The overall mean deft score was 2.93 (±2.17) of which decayed component comprised of 1.87 (±2.73), extracted component 1.12 (±0.61) and filled component only 0.79 (±0.213). The mean deft of boys was 3.18 (±3.02) and girls was 2.63(±2.54) [see Table 3].
Out of the 1382 children examined 27.06% had one tooth involved (very mild), 11.79% had 2-3 teeth involved (mild), 14.83% had 4-5 teeth involved (moderated) and only 10.99% had more than 6 teeth affected (severe). Dental plaque was clearly visible in 67.36% children and 20.18% children had poor oral hygiene [see Table 4].
Discussion:
A total of 1382 children aged 3-6 years were examined for ECC from various government run preschools in and around Biratnagar. The statistics of this study revealed that almost 65% of 3-6 years old children suffered from ECC which is way below the WHO goals i.e. 50% of the preschool children should be caries free.[5] This is high compared with neighboring countries where the prevalence of ECC ranges from 37.64-52.31% in India to 43.01-51.4% in China. The highest prevalence of ECC was 85.5% in rural china. [6.7.8]This could be attributed to differences in socio-economic, cultural, nutrition, dietary habits and oral hygiene patterns. The prevalence of ECC worldwide was found to be highly variable ranging from 11-53.1% in USA, 6.8-12% in UK to 2.1% in Sweden.[9-14] This could be due to differences in case definitions and diagnostic criteria
An important finding of this study was that about 39.59 % of children with ECC showed s-ECC. Only 3.9% of all decayed teeth were filled where as 1.2% primary teeth were extracted due to caries. Another important finding of this study was that all the children with ECC showed untreated dental caries and required treatment. This proves a lack of awareness about oral health among parents and government bodies. Also, lack of affordability for oral health in this section of society is alarming.

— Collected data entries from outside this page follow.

text \<open>The half turn exchanges the cubies at \<open>(+\<infinity>, +\<infinity>)\<close> and \<open>(-\<infinity>, -\<infinity>)\<close> of the layer; if it
  preserved the colours under \<open>\<rho>\<close>, then \<open>\<rho>\<close> would move both cubies to the same place.\<close>
lemma cube_motion_ring_colours:
  assumes "cube_motion \<rho>" and "n \<in> {1, 2, 3}"
  shows "\<not> (\<forall>d\<in>ring_cells j a. f_solved (\<rho> (inv (quarter_turn j a ^^ n) d)) = f_solved (\<rho> d))"
proof
  let ?F = "\<lambda>d. f_solved (\<rho> d)"
  assume "\<forall>d\<in>ring_cells j a. ?F (inv (quarter_turn j a ^^ n) d) = ?F d"
  then have half: "\<forall>d\<in>ring_cells j a. ?F ((quarter_turn j a ^^ 2) d) = ?F d"
    by (rule ring_invariant_half_turn[OF assms(2)])
  define A B where "A = layer_point j a PInf" and "B = layer_point j a MInf"
  let ?i = "next_axis j" and ?i' = "next_axis (next_axis j)"
  have Rep_AB: "Rep_cell (Abs_cell (A, i)) = (A, i)" "Rep_cell (Abs_cell (B, i)) = (B, i)"
    if "i \<in> {?i, ?i'}" for i
  proof -
    have "i \<noteq> j"
      using that by (cases j) auto
    then show "Rep_cell (Abs_cell (A, i)) = (A, i)" "Rep_cell (Abs_cell (B, i)) = (B, i)"
      unfolding A_def B_def by (simp_all add: Rep_cell_Abs_layer_point)
  qed
  obtain RA where RA: "RA \<in> rotations"
    "\<forall>d. point_of d = A \<longrightarrow> Rep_cell (\<rho> d) = rotate RA (Rep_cell d)"
    using assms(1) Rep_AB(1)[of ?i] unfolding cube_motion_def rigid_def by (metis fst_conv insertI1)
  obtain RB where RB: "RB \<in> rotations"
    "\<forall>d. point_of d = B \<longrightarrow> Rep_cell (\<rho> d) = rotate RB (Rep_cell d)"
    using assms(1) Rep_AB(2)[of ?i] unfolding cube_motion_def rigid_def by (metis fst_conv insertI1)
  have colours: "solved_raw (rotate RA (A, i)) = solved_raw (rotate RB (B, i))" if "i \<in> {?i, ?i'}" for i
  proof -
    have "i \<noteq> j"
      using that by (cases j) auto
    have "?F ((quarter_turn j a ^^ 2) (Abs_cell (A, i))) = ?F (Abs_cell (A, i))"
      using half layer_point_in_ring_cells[OF that] unfolding A_def by blast
    then have "?F (Abs_cell (B, i)) = ?F (Abs_cell (A, i))"
      unfolding A_def B_def quarter_turn_pow_2_layer_point[OF \<open>i \<noteq> j\<close>] .
    then show ?thesis
      using RA(2) RB(2) Rep_AB[OF that] by (simp add: f_solved_def)
  qed
  have "rotate RA (A, ?i) = rotate RB (B, ?i)"
    using rotate_eq_of_solved_colours[OF RA(1) RB(1)] colours unfolding A_def B_def by blast
  then have "\<rho> (Abs_cell (A, ?i)) = \<rho> (Abs_cell (B, ?i))"
    using RA(2) RB(2) Rep_AB[of ?i] by (simp add: Rep_cell_inject[symmetric])
  then have "(A, ?i) = (B, ?i)"
    using assms(1) Rep_AB[of ?i] unfolding cube_motion_def by (metis injD insertI1)
  then have "coord_of ?i A = coord_of ?i B"
    by simp
  then show False
    using next_axis_neq(1) unfolding A_def B_def by (simp add: coord_of_layer_point)
qed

Most children (79.81%) maintained a good oral hygiene, whereas plaque accumulation was observed in 67.36% of children examined.
In the present study, there could a slight overestimation of caries experience. As the study was carried out at only government run preschools, all the children belong to poor families who have been proved to give least importance to oral health.
Conclusion:
64.68% of government run preschool children bear the burden of dental caries. There is an urgent need for implementation of government aided, NGO aided and public-private partnership dental health treatment programs.
Since this was a cross-sectional study, therefore a future longitudinal study is suggested to establish association for risk factors with dental caries in Nepal.
Source of funding: the authors declare that no external
source of funding was used for the study.
Conflict of interest: The authors declare that they have no
conflict of interest with any person or organizations.